[Items from a data source]
:::
(* If $X$ is a pseudocompact space and $G$ is an NSS group, then $C_p(X,G)$ is TAP.
   Context: All spaces are Tychonoff and non-empty; all topological groups are Hausdorff. $C_p(X,G)$ is the group of all continuous maps $X\to G$ with pointwise group operations and the topology of pointwise convergence. A topological group is NSS if some open neighborhood of the identity contains no nontrivial subgroup. A subset $A$ of a topological group $H$ is absolutely productive in $H$ if for every injection $a:\mathbb{N}\to A$ and every map $z:\mathbb{N}\to\mathbb{Z}$ the sequence $\left(\prod_{n=0}^{k}a(n)^{z(n)}\right)_{k\in\mathbb{N}}$ converges in $H$; $H$ is TAP if every absolutely productive subset of $H$ is finite. *)

theory Defs
  imports "HOL-Analysis.Analysis"
begin

definition tychonoff_space :: "'a topology \<Rightarrow> bool" where
  "tychonoff_space X \<longleftrightarrow> completely_regular_space X \<and> Hausdorff_space X"

definition pseudocompact :: "'a topology \<Rightarrow> bool" where
  "pseudocompact X \<longleftrightarrow>
     (\<forall>f. continuous_map X euclideanreal f \<longrightarrow> bounded (f ` topspace X))"

section \<open>NSS groups (a Hausdorff topological group is a type of class
  topological_group_add + t2_space; group_add is not assumed commutative)\<close>

definition is_add_subgroup :: "'g::group_add set \<Rightarrow> bool" where
  "is_add_subgroup S \<longleftrightarrow> 0 \<in> S \<and> (\<forall>x\<in>S. \<forall>y\<in>S. x + y \<in> S) \<and> (\<forall>x\<in>S. - x \<in> S)"

definition NSS :: "'g::topological_group_add itself \<Rightarrow> bool" where
  "NSS _ \<longleftrightarrow> (\<exists>U::'g set. open U \<and> 0 \<in> U \<and>
      (\<forall>S. is_add_subgroup S \<and> S \<subseteq> U \<longrightarrow> S = {0}))"

section \<open>Absolutely productive sets and TAP, for an abstract topological group
  given by its topology T (carrier = topspace T), multiplication, inverse, identity\<close>

definition gzpow :: "('h \<Rightarrow> 'h \<Rightarrow> 'h) \<Rightarrow> ('h \<Rightarrow> 'h) \<Rightarrow> 'h \<Rightarrow> 'h \<Rightarrow> int \<Rightarrow> 'h" where
  "gzpow mul ginv one x k =
     (if 0 \<le> k then ((\<lambda>y. mul y x) ^^ nat k) one
      else ((\<lambda>y. mul y (ginv x)) ^^ nat (- k)) one)"

fun partial_prod :: "('h \<Rightarrow> 'h \<Rightarrow> 'h) \<Rightarrow> ('h \<Rightarrow> 'h) \<Rightarrow> 'h \<Rightarrow> (nat \<Rightarrow> 'h) \<Rightarrow> (nat \<Rightarrow> int) \<Rightarrow> nat \<Rightarrow> 'h" where
  "partial_prod mul ginv one a z 0 = gzpow mul ginv one (a 0) (z 0)"
| "partial_prod mul ginv one a z (Suc k) =
     mul (partial_prod mul ginv one a z k) (gzpow mul ginv one (a (Suc k)) (z (Suc k)))"

definition absolutely_productive ::
  "'h topology \<Rightarrow> ('h \<Rightarrow> 'h \<Rightarrow> 'h) \<Rightarrow> ('h \<Rightarrow> 'h) \<Rightarrow> 'h \<Rightarrow> 'h set \<Rightarrow> bool" where
  "absolutely_productive T mul ginv one A \<longleftrightarrow> A \<subseteq> topspace T \<and>
     (\<forall>a z. inj a \<and> range a \<subseteq> A \<longrightarrow>
        (\<exists>h. limitin T (partial_prod mul ginv one a z) h sequentially))"

definition TAP :: "'h topology \<Rightarrow> ('h \<Rightarrow> 'h \<Rightarrow> 'h) \<Rightarrow> ('h \<Rightarrow> 'h) \<Rightarrow> 'h \<Rightarrow> bool" where
  "TAP T mul ginv one \<longleftrightarrow>
     (\<forall>A. A \<subseteq> topspace T \<and> absolutely_productive T mul ginv one A \<longrightarrow> finite A)"

section \<open>C_p(X,G): continuous maps X \<rightarrow> G (extensional outside topspace X),
  pointwise operations, topology of pointwise convergence (subspace of the product)\<close>

definition Cp_carrier :: "'a topology \<Rightarrow> ('a \<Rightarrow> 'g::topological_space) set" where
  "Cp_carrier X = {f. continuous_map X euclidean f \<and> f \<in> extensional (topspace X)}"

definition Cp_top :: "'a topology \<Rightarrow> ('a \<Rightarrow> 'g::topological_space) topology" where
  "Cp_top X = subtopology (product_topology (\<lambda>_. euclidean) (topspace X)) (Cp_carrier X)"

definition Cp_mul :: "'a topology \<Rightarrow> ('a \<Rightarrow> 'g::group_add) \<Rightarrow> ('a \<Rightarrow> 'g) \<Rightarrow> ('a \<Rightarrow> 'g)" where
  "Cp_mul X f g = restrict (\<lambda>x. f x + g x) (topspace X)"

definition Cp_inv :: "'a topology \<Rightarrow> ('a \<Rightarrow> 'g::group_add) \<Rightarrow> ('a \<Rightarrow> 'g)" where
  "Cp_inv X f = restrict (\<lambda>x. - f x) (topspace X)"

definition Cp_one :: "'a topology \<Rightarrow> ('a \<Rightarrow> 'g::group_add)" where
  "Cp_one X = restrict (\<lambda>x. 0) (topspace X)"

end

theory Submission
  imports Defs
begin

text \<open>
  Suppose A is an infinite absolutely productive subset of C_p(X,G) and pick an injective sequence
  a_n in A different from 0; every series of integer multiples of the a_n converges pointwise to a
  continuous function. Fix a neighbourhood U of 0 containing no nontrivial subgroup. Then some
  multiple of every nonzero element leaves U, so at each point the a_n are eventually 0, and choosing
  multiples g_n = m_n a_n with g_n(y_n) outside U we get continuous functions, pointwise eventually 0,
  none of them uniformly U-small, all of whose subseries converge to continuous functions.
  In a pseudocompact space every sequence of nonempty open sets has a cluster point; this yields
  indices j_k and nonempty open sets R_k on which all earlier partial subsums are small, g_(j_k) is
  close to its bad value and all later terms vanish. The subseries over {j_k} is 0 at a cluster
  point of the R_k, hence small at some x in some R_k, and comparing it there with its partial sums
  puts the bad value g_(j_k)(y_(j_k)) into U.
\<close>

definition int_multiple :: "int \<Rightarrow> 'g::group_add \<Rightarrow> 'g" where
  "int_multiple k g = gzpow (+) uminus 0 g k"

lemma sum_list_replicate_Suc_right:
  "sum_list (replicate (Suc n) g) = sum_list (replicate n g) + (g::'g::monoid_add)"
  by (metis replicate_Suc replicate_append_same sum_list.append sum_list.Cons sum_list.Nil add_0_right)

lemma funpow_add_right_eq_sum_list:
  "((\<lambda>y. y + g) ^^ n) 0 = sum_list (replicate n (g::'g::monoid_add))"
  by (induction n) (simp_all only: funpow.simps o_apply id_apply sum_list_replicate_Suc_right replicate_0 sum_list.Nil)

lemma int_multiple_eq:
  "int_multiple k g =
     (if 0 \<le> k then sum_list (replicate (nat k) g) else sum_list (replicate (nat (- k)) (- g)))"
  unfolding int_multiple_def gzpow_def funpow_add_right_eq_sum_list ..

lemma int_multiple_0 [simp]: "int_multiple 0 g = 0"
  by (simp add: int_multiple_eq)

lemma int_multiple_1 [simp]: "int_multiple 1 g = g"
  by (simp add: int_multiple_eq)

lemma int_multiple_zero [simp]: "int_multiple k (0::'g::group_add) = 0"
proof -
  have "sum_list (replicate n (0::'g)) = 0" for n
    by (induction n) simp_all
  then show ?thesis
    by (simp add: int_multiple_eq)
qed

lemma int_multiple_add1: "int_multiple (k + 1) g = int_multiple k g + g"
proof (cases "0 \<le> k")
  case True
  then have "nat (k + 1) = Suc (nat k)" by simp
  then show ?thesis
    using True by (simp only: int_multiple_eq sum_list_replicate_Suc_right) simp
next
  case False
  define n where "n = nat (- k - 1)"
  have "int_multiple (k + 1) g = sum_list (replicate n (- g))"
    using False unfolding n_def by (cases "k = -1") (simp_all add: int_multiple_eq)
  moreover have "nat (- k) = Suc n"
    using False unfolding n_def by simp
  then have "int_multiple k g = sum_list (replicate n (- g)) + - g"
    using False by (simp del: replicate_Suc add: int_multiple_eq sum_list_replicate_Suc_right)
  ultimately show ?thesis
    by (simp add: add.assoc)
qed

lemma int_multiple_add: "int_multiple (k + l) g = int_multiple k g + int_multiple l g"
proof (induction l rule: int_induct[where k = 0])
  case (step1 l)
  have "int_multiple (k + (l + 1)) g = int_multiple (k + l) g + g"
    using int_multiple_add1[of "k + l" g] by (simp add: add.assoc)
  then show ?case
    using step1 by (simp add: int_multiple_add1 add.assoc)
next
  case (step2 l)
  have "int_multiple (k + (l - 1)) g + g = int_multiple (k + l) g"
    using int_multiple_add1[of "k + (l - 1)" g] by simp
  moreover have "int_multiple (l - 1) g + g = int_multiple l g"
    using int_multiple_add1[of "l - 1" g] by simp
  ultimately have "int_multiple (k + (l - 1)) g + g = int_multiple k g + int_multiple (l - 1) g + g"
    using step2 by (simp add: add.assoc)
  then show ?case
    by simp
qed simp

lemma int_multiple_minus: "int_multiple (- k) g = - int_multiple k g"
  using int_multiple_add[of k "- k" g] by (simp add: minus_unique)

lemma is_add_subgroup_range_int_multiple: "is_add_subgroup (range (\<lambda>k. int_multiple k g))"
proof -
  have "int_multiple k g + int_multiple l g \<in> range (\<lambda>k. int_multiple k g)" for k l
    unfolding int_multiple_add[symmetric] by (rule rangeI)
  moreover have "- int_multiple k g \<in> range (\<lambda>k. int_multiple k g)" for k
    unfolding int_multiple_minus[symmetric] by (rule rangeI)
  moreover have "0 \<in> range (\<lambda>k. int_multiple k g)"
    unfolding int_multiple_0[symmetric, of g] by (rule rangeI)
  ultimately show ?thesis
    unfolding is_add_subgroup_def by blast
qed

lemma no_small_subgroup_imp_int_multiple_notin:
  assumes "\<forall>S. is_add_subgroup S \<and> S \<subseteq> U \<longrightarrow> S = {0}" and "g \<noteq> 0"
  shows "\<exists>k. int_multiple k g \<notin> U"
proof (rule ccontr)
  assume "\<nexists>k. int_multiple k g \<notin> U"
  then have "range (\<lambda>k. int_multiple k g) \<subseteq> U"
    by blast
  then have "range (\<lambda>k. int_multiple k g) = {0}"
    using assms(1) is_add_subgroup_range_int_multiple by blast
  then show False
    using assms(2) int_multiple_1 by (metis rangeI singletonD)
qed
:::
The expected answer is every line above in which the word "only" appears.

  by (induction n) (simp_all only: funpow.simps o_apply id_apply sum_list_replicate_Suc_right replicate_0 sum_list.Nil)
    using True by (simp only: int_multiple_eq sum_list_replicate_Suc_right) simp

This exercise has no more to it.